■ TASK BRIEF ■
Below are records; reproduce exactly the lines from the first through the one containing "(\<phi> \<circ> X)".

■ Stored records ■
|---|
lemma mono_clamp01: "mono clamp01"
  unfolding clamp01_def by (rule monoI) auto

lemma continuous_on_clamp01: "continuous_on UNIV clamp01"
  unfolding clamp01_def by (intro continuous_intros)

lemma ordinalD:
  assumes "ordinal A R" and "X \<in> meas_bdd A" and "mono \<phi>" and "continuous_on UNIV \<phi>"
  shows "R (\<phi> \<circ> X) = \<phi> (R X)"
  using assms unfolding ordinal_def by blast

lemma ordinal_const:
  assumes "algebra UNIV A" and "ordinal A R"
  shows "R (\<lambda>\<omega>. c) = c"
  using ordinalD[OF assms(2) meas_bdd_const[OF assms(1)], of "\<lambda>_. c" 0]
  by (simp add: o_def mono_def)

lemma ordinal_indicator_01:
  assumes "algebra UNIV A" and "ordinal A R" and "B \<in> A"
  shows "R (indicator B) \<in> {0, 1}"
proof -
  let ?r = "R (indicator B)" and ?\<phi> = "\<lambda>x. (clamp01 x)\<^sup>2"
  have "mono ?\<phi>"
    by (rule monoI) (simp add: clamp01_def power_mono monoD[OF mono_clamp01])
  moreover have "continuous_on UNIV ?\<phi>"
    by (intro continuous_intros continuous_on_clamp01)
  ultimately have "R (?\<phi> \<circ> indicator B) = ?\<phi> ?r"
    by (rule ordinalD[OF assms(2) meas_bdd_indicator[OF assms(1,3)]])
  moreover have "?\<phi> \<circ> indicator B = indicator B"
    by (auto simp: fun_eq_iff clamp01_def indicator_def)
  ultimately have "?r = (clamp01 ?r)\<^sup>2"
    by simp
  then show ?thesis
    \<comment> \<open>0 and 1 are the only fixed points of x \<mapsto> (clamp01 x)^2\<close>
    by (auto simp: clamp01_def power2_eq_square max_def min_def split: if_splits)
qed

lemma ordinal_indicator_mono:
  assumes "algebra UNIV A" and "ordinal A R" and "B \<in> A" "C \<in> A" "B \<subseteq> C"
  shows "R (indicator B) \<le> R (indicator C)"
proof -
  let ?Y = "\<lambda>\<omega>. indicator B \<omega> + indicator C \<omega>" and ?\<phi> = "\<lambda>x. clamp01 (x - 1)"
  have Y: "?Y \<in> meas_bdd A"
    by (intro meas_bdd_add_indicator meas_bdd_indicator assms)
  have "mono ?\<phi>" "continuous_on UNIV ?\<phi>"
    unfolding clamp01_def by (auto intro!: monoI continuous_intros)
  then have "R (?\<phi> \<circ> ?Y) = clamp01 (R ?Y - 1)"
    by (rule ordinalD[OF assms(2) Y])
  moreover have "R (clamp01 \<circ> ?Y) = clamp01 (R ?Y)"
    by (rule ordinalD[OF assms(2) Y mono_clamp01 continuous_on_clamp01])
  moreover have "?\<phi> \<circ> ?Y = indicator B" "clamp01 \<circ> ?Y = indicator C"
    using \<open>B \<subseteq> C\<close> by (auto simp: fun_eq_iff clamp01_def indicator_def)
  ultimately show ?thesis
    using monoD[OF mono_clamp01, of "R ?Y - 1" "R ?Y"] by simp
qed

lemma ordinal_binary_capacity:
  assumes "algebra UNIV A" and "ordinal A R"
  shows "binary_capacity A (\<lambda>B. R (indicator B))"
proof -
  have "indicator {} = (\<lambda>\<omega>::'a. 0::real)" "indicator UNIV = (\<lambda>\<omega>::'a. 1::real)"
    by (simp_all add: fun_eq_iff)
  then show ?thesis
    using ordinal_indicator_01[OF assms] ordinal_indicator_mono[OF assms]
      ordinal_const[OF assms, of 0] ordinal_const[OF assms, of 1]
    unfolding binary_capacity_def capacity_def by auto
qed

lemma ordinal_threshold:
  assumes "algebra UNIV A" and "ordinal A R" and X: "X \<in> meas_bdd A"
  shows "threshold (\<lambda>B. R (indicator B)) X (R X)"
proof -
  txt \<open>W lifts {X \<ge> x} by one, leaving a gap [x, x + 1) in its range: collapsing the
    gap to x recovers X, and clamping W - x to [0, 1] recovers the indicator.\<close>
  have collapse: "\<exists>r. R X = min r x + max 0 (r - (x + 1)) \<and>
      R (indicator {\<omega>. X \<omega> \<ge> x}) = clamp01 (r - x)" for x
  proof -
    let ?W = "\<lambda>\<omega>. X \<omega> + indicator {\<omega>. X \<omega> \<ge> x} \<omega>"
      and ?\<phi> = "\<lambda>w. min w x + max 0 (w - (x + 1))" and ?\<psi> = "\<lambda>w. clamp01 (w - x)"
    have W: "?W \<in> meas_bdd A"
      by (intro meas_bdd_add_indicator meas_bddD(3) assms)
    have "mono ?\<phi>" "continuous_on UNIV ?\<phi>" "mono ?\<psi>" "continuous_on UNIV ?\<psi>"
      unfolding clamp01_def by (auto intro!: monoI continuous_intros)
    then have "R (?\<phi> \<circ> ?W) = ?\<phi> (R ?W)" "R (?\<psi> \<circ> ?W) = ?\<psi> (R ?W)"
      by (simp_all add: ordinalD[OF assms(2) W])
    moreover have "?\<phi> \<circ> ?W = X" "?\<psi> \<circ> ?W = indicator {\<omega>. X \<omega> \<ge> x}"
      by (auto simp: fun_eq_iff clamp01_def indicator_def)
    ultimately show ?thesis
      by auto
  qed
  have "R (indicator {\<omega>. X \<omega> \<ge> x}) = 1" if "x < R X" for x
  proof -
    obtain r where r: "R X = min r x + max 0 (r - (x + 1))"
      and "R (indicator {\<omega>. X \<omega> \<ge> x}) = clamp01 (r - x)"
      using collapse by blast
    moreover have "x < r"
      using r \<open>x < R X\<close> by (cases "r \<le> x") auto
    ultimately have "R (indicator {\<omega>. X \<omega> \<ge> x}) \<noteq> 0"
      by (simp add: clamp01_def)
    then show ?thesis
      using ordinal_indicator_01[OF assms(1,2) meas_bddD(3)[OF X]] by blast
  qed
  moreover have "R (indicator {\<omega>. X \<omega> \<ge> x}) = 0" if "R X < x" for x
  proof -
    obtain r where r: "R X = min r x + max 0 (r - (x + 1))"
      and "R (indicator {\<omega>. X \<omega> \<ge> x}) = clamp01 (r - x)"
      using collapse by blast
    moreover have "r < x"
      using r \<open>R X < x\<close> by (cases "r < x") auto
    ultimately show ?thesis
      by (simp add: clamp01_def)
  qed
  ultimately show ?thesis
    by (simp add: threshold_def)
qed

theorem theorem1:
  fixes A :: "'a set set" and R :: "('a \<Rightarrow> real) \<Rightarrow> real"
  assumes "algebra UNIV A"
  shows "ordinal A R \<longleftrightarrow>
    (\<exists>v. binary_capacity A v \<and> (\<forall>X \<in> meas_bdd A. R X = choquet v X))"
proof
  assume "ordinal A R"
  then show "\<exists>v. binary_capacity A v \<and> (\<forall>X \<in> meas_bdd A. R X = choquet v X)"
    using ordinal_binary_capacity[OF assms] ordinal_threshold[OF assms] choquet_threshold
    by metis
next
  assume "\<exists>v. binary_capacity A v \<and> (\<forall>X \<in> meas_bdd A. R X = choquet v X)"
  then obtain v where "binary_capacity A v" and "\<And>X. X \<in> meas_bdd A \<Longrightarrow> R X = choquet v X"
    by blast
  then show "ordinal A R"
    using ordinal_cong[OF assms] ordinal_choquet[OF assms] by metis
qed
|---|
■ EXERCISE RESPONSE ■
lemma mono_clamp01: "mono clamp01"
  unfolding clamp01_def by (rule monoI) auto

lemma continuous_on_clamp01: "continuous_on UNIV clamp01"
  unfolding clamp01_def by (intro continuous_intros)

lemma ordinalD:
  assumes "ordinal A R" and "X \<in> meas_bdd A" and "mono \<phi>" and "continuous_on UNIV \<phi>"
  shows "R (\<phi> \<circ> X) = \<phi> (R X)"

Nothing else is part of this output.